== Source records ==

(* Let $k\ge 1$ and $n \ge 3k+1$ be integers, and let $W_n$ be the squared cycle graph on $[n]=\{1,\dots,n\}$. Then every subset $A\subseteq [n]$ with $|A| = 3k-2$ contains an independent set of size $k$ of $W_n$. Consequently, every subset of $[n]$ of cardinality at most $n-3k+2$ is a face of the total cut complex $\Delta_k^t(W_n)$.
   Context: The squared cycle graph $W_n$ is the graph with vertex set $[n]$ and edge set $\{\{i,i+1 \bmod n\},\{i,i+2 \bmod n\} : i=1,\dots,n\}$. An independent set of size $k$ (a $k$-independent set) is a set of $k$ pairwise non-adjacent vertices. For a graph $G=(V,E)$ and $k\ge 1$, the $k$-total cut complex $\Delta_k^t(G)$ is the simplicial complex on $V$ whose facets are the sets $V\setminus S$ where $S$ ranges over independent sets of $G$ of size $k$; equivalently, $\sigma\subseteq V$ is a face iff $V\setminus\sigma$ contains an independent set of size $k$. *)

theory Defs
  imports Main
begin

definition sq_cycle_adj :: "nat \<Rightarrow> nat \<Rightarrow> nat \<Rightarrow> bool" where
  "sq_cycle_adj n i j \<longleftrightarrow> i \<noteq> j \<and>
     ((int j - int i) mod int n \<in> {1, 2, int n - 1, int n - 2})"

definition sq_cycle_vertices :: "nat \<Rightarrow> nat set" where
  "sq_cycle_vertices n = {1..n}"

definition independent_set :: "'a set \<Rightarrow> ('a \<Rightarrow> 'a \<Rightarrow> bool) \<Rightarrow> 'a set \<Rightarrow> bool" where
  "independent_set V E S \<longleftrightarrow> S \<subseteq> V \<and> (\<forall>x\<in>S. \<forall>y\<in>S. \<not> E x y)"

definition total_cut_complex :: "'a set \<Rightarrow> ('a \<Rightarrow> 'a \<Rightarrow> bool) \<Rightarrow> nat \<Rightarrow> 'a set set" where
  "total_cut_complex V E k =
     {\<sigma>. \<sigma> \<subseteq> V \<and> (\<exists>S. S \<subseteq> V - \<sigma> \<and> independent_set V E S \<and> card S = k)}"

end

theory Submission
  imports Defs
begin

text \<open>Pad a set A of 3k - 2 vertices to a set of N = 3k + 1 vertices and list it
  increasingly as e 0 < ... < e (N - 1). Positions that are at least 3 apart cyclically modulo N
  give vertices that are at least 3 apart around the n-cycle, hence non-adjacent in W_n. Among
  the N rotations of the progression 0, 3, ..., 3(k - 1) modulo N, an average one has
  k(3k - 2)/(3k + 1) > k - 1 of its positions in A, so some rotation lies entirely in A; its
  positions are cyclically at least 3 apart because 3(k - 1) + 3 < N.\<close>

lemma strict_mono_on_add_diff_le:
  fixes e :: "nat \<Rightarrow> nat"
  assumes mono: "strict_mono_on {..<N} e" and "u \<le> v" "v < N"
  shows "e u + (v - u) \<le> e v"
  using assms(2,3)
proof (induction v)
  case (Suc v)
  show ?case
  proof (cases "u = Suc v")
    case False
    then have "e u + (v - u) \<le> e v"
      using Suc by simp
    moreover have "e v < e (Suc v)"
      using strict_mono_onD[OF mono] Suc.prems by simp
    ultimately show ?thesis
      using False Suc.prems by simp
  qed simp
qed simp

lemma obtain_strict_mono_enumeration:
  fixes B :: "'a::linorder set"
  assumes "finite B"
  obtains e where "strict_mono_on {..<card B} e" "e ` {..<card B} = B"
proof
  let ?xs = "sorted_list_of_set B"
  have len: "length ?xs = card B"
    by simp
  show "strict_mono_on {..<card B} ((!) ?xs)"
    using sorted_wrt_nth_less[OF strict_sorted_list_of_set] len
    by (auto intro: strict_mono_onI)
  show "(!) ?xs ` {..<card B} = B"
    using assms len bij_betw_nth[of ?xs] by (simp add: bij_betw_def)
qed

lemma obtain_strict_mono_enumeration_between:
  fixes A V :: "'a::linorder set"
  assumes "A \<subseteq> V" "finite V" "card A \<le> N" "N \<le> card V"
  obtains e where "strict_mono_on {..<N} e" "A \<subseteq> e ` {..<N}" "e ` {..<N} \<subseteq> V"
proof -
  obtain B where B: "A \<subseteq> B" "B \<subseteq> V" "card B = N"
    using exists_subset_between[OF assms(3,4,1,2)] by blast
  moreover have "finite B"
    using B(2) assms(2) by (rule finite_subset)
  ultimately show thesis
    using obtain_strict_mono_enumeration that by metis
qed

lemma mod_add_cyclic_far:
  fixes N p t :: nat
  assumes "p < N" "3 \<le> t" "t + 3 \<le> N"
  defines "q \<equiv> (p + t) mod N"
  shows "p < q \<and> 3 \<le> q - p \<and> q - p + 3 \<le> N \<or> q < p \<and> 3 \<le> p - q \<and> p - q + 3 \<le> N"
proof (cases "p + t < N")
  case True
  then show ?thesis
    using assms by simp
next
  case False
  then have "q = p + t - N"
    using assms by (simp add: mod_if)
  then show ?thesis
    using assms(2,3) False by arith
qed

lemma card_mod_shift_preimage:
  fixes A :: "nat set"
  assumes "A \<subseteq> {..<N}"
  shows "card {c \<in> {..<N}. (c + t) mod N \<in> A} = card A"
proof (cases "N = 0")
  case False
  define \<rho> where "\<rho> c = (c + t) mod N" for c
  have "inj_on \<rho> {..<N}"
  proof (rule inj_onI)
    fix a b assume "a \<in> {..<N}" "b \<in> {..<N}" "\<rho> a = \<rho> b"
    from \<open>\<rho> a = \<rho> b\<close> have "a mod N = b mod N"
      by (simp add: \<rho>_def mod_eq_iff_dvd_symdiff_nat)
    then show "a = b"
      using \<open>a \<in> {..<N}\<close> \<open>b \<in> {..<N}\<close> by simp
  qed
  moreover have "\<rho> ` {..<N} = {..<N}"
    using False by (intro endo_inj_surj[OF _ _ \<open>inj_on \<rho> {..<N}\<close>]) (auto simp: \<rho>_def)
  ultimately have "bij_betw \<rho> {c \<in> {..<N}. \<rho> c \<in> A} A"
    using assms by (auto simp: bij_betw_def inj_on_def)
  then show ?thesis
    by (simp add: bij_betw_same_card \<rho>_def)
qed (use assms in simp)

text \<open>Averaging over the N rotations: each element of A is hit by exactly k of the pairs
  (c, j) with c < N and j < k.\<close>


lemma exists_mod_progression_subset:
  fixes A :: "nat set" and N k d :: nat
  assumes A: "A \<subseteq> {..<N}" and dense: "N * (k - 1) < k * card A"
  obtains c where "c < N" "\<And>j. j < k \<Longrightarrow> (c + d * j) mod N \<in> A"
proof -
  define hits where "hits c = card {j \<in> {..<k}. (c + d * j) mod N \<in> A}" for c
  have "(\<Sum>c<N. hits c) = (\<Sum>c<N. \<Sum>j<k. if (c + d * j) mod N \<in> A then 1 else 0)"
    by (simp add: hits_def sum.If_cases Int_def)
  also have "\<dots> = (\<Sum>j<k. \<Sum>c<N. if (c + d * j) mod N \<in> A then 1 else 0)"
    by (rule sum.swap)
  also have "\<dots> = (\<Sum>j<k. card {c \<in> {..<N}. (c + d * j) mod N \<in> A})"
    by (simp add: sum.If_cases Int_def)
  also have "\<dots> = k * card A"
    using card_mod_shift_preimage[OF A] by simp
  finally have total: "(\<Sum>c<N. hits c) = k * card A" .
  obtain c where c: "c < N" "k \<le> hits c"
  proof (rule ccontr)
    assume "\<not> thesis"
    then have "(\<Sum>c<N. hits c) \<le> (\<Sum>c<N. k - 1)"
      using that by (intro sum_mono) force
    then show False
      using total dense by (simp add: mult.commute)
  qed
  have "{j \<in> {..<k}. (c + d * j) mod N \<in> A} = {..<k}"
    using c(2) by (intro card_seteq) (auto simp: hits_def)
  then show thesis
    using that c(1) by blast
qed

lemma independent_set_image_of_ordered_pairs:
  fixes s :: "'i::linorder \<Rightarrow> 'a"
  assumes "s ` I \<subseteq> V" "\<And>x. \<not> E x x"
    and "\<And>i j. i \<in> I \<Longrightarrow> j \<in> I \<Longrightarrow> i < j \<Longrightarrow> s i \<noteq> s j \<and> \<not> E (s i) (s j) \<and> \<not> E (s j) (s i)"
  shows "independent_set V E (s ` I)" "inj_on s I"
proof -
  have pair: "s i \<noteq> s j \<and> \<not> E (s i) (s j)" if "i \<in> I" "j \<in> I" "i \<noteq> j" for i j
    using assms(3)[of i j] assms(3)[of j i] that by (cases i j rule: linorder_cases) auto
  show "independent_set V E (s ` I)"
    using assms(1,2) pair unfolding independent_set_def by (metis imageE)
  show "inj_on s I"
    using pair by (auto intro: inj_onI)
qed

lemma not_sq_cycle_adj_if_far:
  fixes n x y :: nat
  assumes "3 \<le> y - x" "y - x + 3 \<le> n"
  shows "\<not> sq_cycle_adj n x y \<and> \<not> sq_cycle_adj n y x"
proof -
  have fwd: "(int y - int x) mod int n = int (y - x)"
    using assms by (simp add: of_nat_diff)
  have "int x - int y = (int n - int (y - x)) - int n"
    using assms by (simp add: of_nat_diff)
  then have "(int x - int y) mod int n = (int n - int (y - x)) mod int n"
    by (simp only: minus_mod_self2)
  also have "\<dots> = int n - int (y - x)"
    using assms by (intro mod_pos_pos_trivial) auto
  finally have bwd: "(int x - int y) mod int n = int n - int (y - x)" .
  show ?thesis
    using assms unfolding sq_cycle_adj_def fwd bwd by auto
qed

text \<open>Going around the cycle from e v back to e u passes the N - (v - u) - 1 \<ge> 2 other
  enumerated vertices, so the distance that way is at least 3 as well.\<close>


lemma strict_mono_on_far_not_sq_cycle_adj:
  fixes e :: "nat \<Rightarrow> nat"
  assumes mono: "strict_mono_on {..<N} e" and range: "e ` {..<N} \<subseteq> {1..n}"
    and uv: "u < v" "v < N" "3 \<le> v - u" "v - u + 3 \<le> N"
  shows "\<not> sq_cycle_adj n (e u) (e v) \<and> \<not> sq_cycle_adj n (e v) (e u)"
proof -
  have "e 0 + u \<le> e u" "e u + (v - u) \<le> e v" "e v + (N - 1 - v) \<le> e (N - 1)"
    using strict_mono_on_add_diff_le[OF mono, of 0 u] strict_mono_on_add_diff_le[OF mono, of u v]
      strict_mono_on_add_diff_le[OF mono, of v "N - 1"] uv by auto
  moreover have "1 \<le> e 0" "e (N - 1) \<le> n"
    using range uv by (auto simp: image_subset_iff)
  ultimately show ?thesis
    using uv by (intro not_sq_cycle_adj_if_far) auto
qed

lemma strict_mono_on_mod_shift_not_sq_cycle_adj:
  fixes e :: "nat \<Rightarrow> nat"
  assumes mono: "strict_mono_on {..<N} e" and range: "e ` {..<N} \<subseteq> {1..n}"
    and "p < N" "3 \<le> t" "t + 3 \<le> N"
  defines "q \<equiv> (p + t) mod N"
  shows "e p \<noteq> e q \<and> \<not> sq_cycle_adj n (e p) (e q) \<and> \<not> sq_cycle_adj n (e q) (e p)"
proof -
  have "q < N"
    using \<open>p < N\<close> by (simp add: q_def)
  moreover have "p < q \<and> 3 \<le> q - p \<and> q - p + 3 \<le> N \<or> q < p \<and> 3 \<le> p - q \<and> p - q + 3 \<le> N"
    unfolding q_def using assms(3-5) by (rule mod_add_cyclic_far)
  ultimately show ?thesis
    using strict_mono_on_far_not_sq_cycle_adj[OF mono range, of p q]
      strict_mono_on_far_not_sq_cycle_adj[OF mono range, of q p]
      strict_mono_onD[OF mono, of p q] strict_mono_onD[OF mono, of q p] \<open>p < N\<close>
    by auto
qed

lemma sq_cycle_independent_subset:
  fixes n k :: nat and A :: "nat set"
  assumes k: "k \<ge> 1" and n: "3 * k + 1 \<le> n"
    and A: "A \<subseteq> {1..n}" "3 * k - 2 \<le> card A"
  shows "\<exists>S. S \<subseteq> A \<and> independent_set {1..n} (sq_cycle_adj n) S \<and> card S = k"
proof -
  define N where "N = 3 * k + 1"
  obtain A0 where A0: "A0 \<subseteq> A" "card A0 = 3 * k - 2"
    using obtain_subset_with_card_n[OF A(2)] by metis
  have "A0 \<subseteq> {1..n}" "card A0 \<le> N" "N \<le> card {1..n}"
    using A0 A(1) n by (auto simp: N_def)
  then obtain e where mono: "strict_mono_on {..<N} e"
    and A0_range: "A0 \<subseteq> e ` {..<N}" and range: "e ` {..<N} \<subseteq> {1..n}"
    using obtain_strict_mono_enumeration_between[OF _ finite_atLeastAtMost] by metis
  define P where "P = {p \<in> {..<N}. e p \<in> A0}"
  have "inj_on e P"
    using strict_mono_on_imp_inj_on[OF mono] by (rule inj_on_subset) (auto simp: P_def)
  moreover have "e ` P = A0"
    using A0_range by (auto simp: P_def)
  ultimately have "card P = 3 * k - 2"
    using A0(2) card_image by metis
  moreover have "N * (k - 1) < k * (3 * k - 2)"
    using k by (cases k) (simp_all add: N_def algebra_simps)
  ultimately obtain c where c: "c < N" "\<And>j. j < k \<Longrightarrow> (c + 3 * j) mod N \<in> P"
    using exists_mod_progression_subset[of P N k 3] by (auto simp: P_def)
  define s where "s j = e ((c + 3 * j) mod N)" for j
  have far: "s i \<noteq> s j \<and> \<not> sq_cycle_adj n (s i) (s j) \<and> \<not> sq_cycle_adj n (s j) (s i)"
    if "i < j" "j < k" for i j
  proof -
    have "c + 3 * j = (c + 3 * i) + 3 * (j - i)"
      using that by simp
    then have "s j = e (((c + 3 * i) mod N + 3 * (j - i)) mod N)"
      by (simp add: s_def mod_add_left_eq add.assoc)
    moreover have "(c + 3 * i) mod N < N" "3 \<le> 3 * (j - i)" "3 * (j - i) + 3 \<le> N"
      using that by (auto simp: N_def)
    ultimately show ?thesis
      using strict_mono_on_mod_shift_not_sq_cycle_adj[OF mono range] by (simp add: s_def)
  qed
  have "s ` {..<k} \<subseteq> {1..n}"
    using range c(1) by (auto simp: s_def)
  moreover have "\<not> sq_cycle_adj n x x" for x
    by (simp add: sq_cycle_adj_def)
  ultimately have "independent_set {1..n} (sq_cycle_adj n) (s ` {..<k})" "inj_on s {..<k}"
    using far by (auto intro!: independent_set_image_of_ordered_pairs)
  moreover have "s ` {..<k} \<subseteq> A"
    using c(2) A0(1) by (auto simp: s_def P_def)
  ultimately show ?thesis
    by (metis card_image card_lessThan)
qed

theorem lemma3p1:
  fixes n k :: nat
  assumes "k \<ge> 1" and "n \<ge> 3 * k + 1"
  shows "(\<forall>A. A \<subseteq> sq_cycle_vertices n \<and> card A = 3 * k - 2 \<longrightarrow>
            (\<exists>S. S \<subseteq> A \<and> independent_set (sq_cycle_vertices n) (sq_cycle_adj n) S \<and> card S = k))
       \<and> (\<forall>\<sigma>. \<sigma> \<subseteq> sq_cycle_vertices n \<and> card \<sigma> \<le> n - (3 * k - 2) \<longrightarrow>
            \<sigma> \<in> total_cut_complex (sq_cycle_vertices n) (sq_cycle_adj n) k)"
proof (intro conjI allI impI)
  fix A
  assume "A \<subseteq> sq_cycle_vertices n \<and> card A = 3 * k - 2"
  then show "\<exists>S. S \<subseteq> A \<and> independent_set (sq_cycle_vertices n) (sq_cycle_adj n) S \<and> card S = k"
    using sq_cycle_independent_subset[OF assms] by (simp add: sq_cycle_vertices_def)
next
  fix \<sigma>
  assume \<sigma>: "\<sigma> \<subseteq> sq_cycle_vertices n \<and> card \<sigma> \<le> n - (3 * k - 2)"
  then have "finite \<sigma>"
    by (auto simp: sq_cycle_vertices_def intro: finite_subset)
  then have "card ({1..n} - \<sigma>) = n - card \<sigma>"
    using \<sigma> by (simp add: sq_cycle_vertices_def card_Diff_subset)
  then have "3 * k - 2 \<le> card ({1..n} - \<sigma>)"
    using \<sigma> assms by linarith
  then show "\<sigma> \<in> total_cut_complex (sq_cycle_vertices n) (sq_cycle_adj n) k"
    using sq_cycle_independent_subset[OF assms, of "{1..n} - \<sigma>"] \<sigma>
    unfolding total_cut_complex_def sq_cycle_vertices_def by blast
qed

end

===

Respond with only the number of lines in the data that include the string "else".

2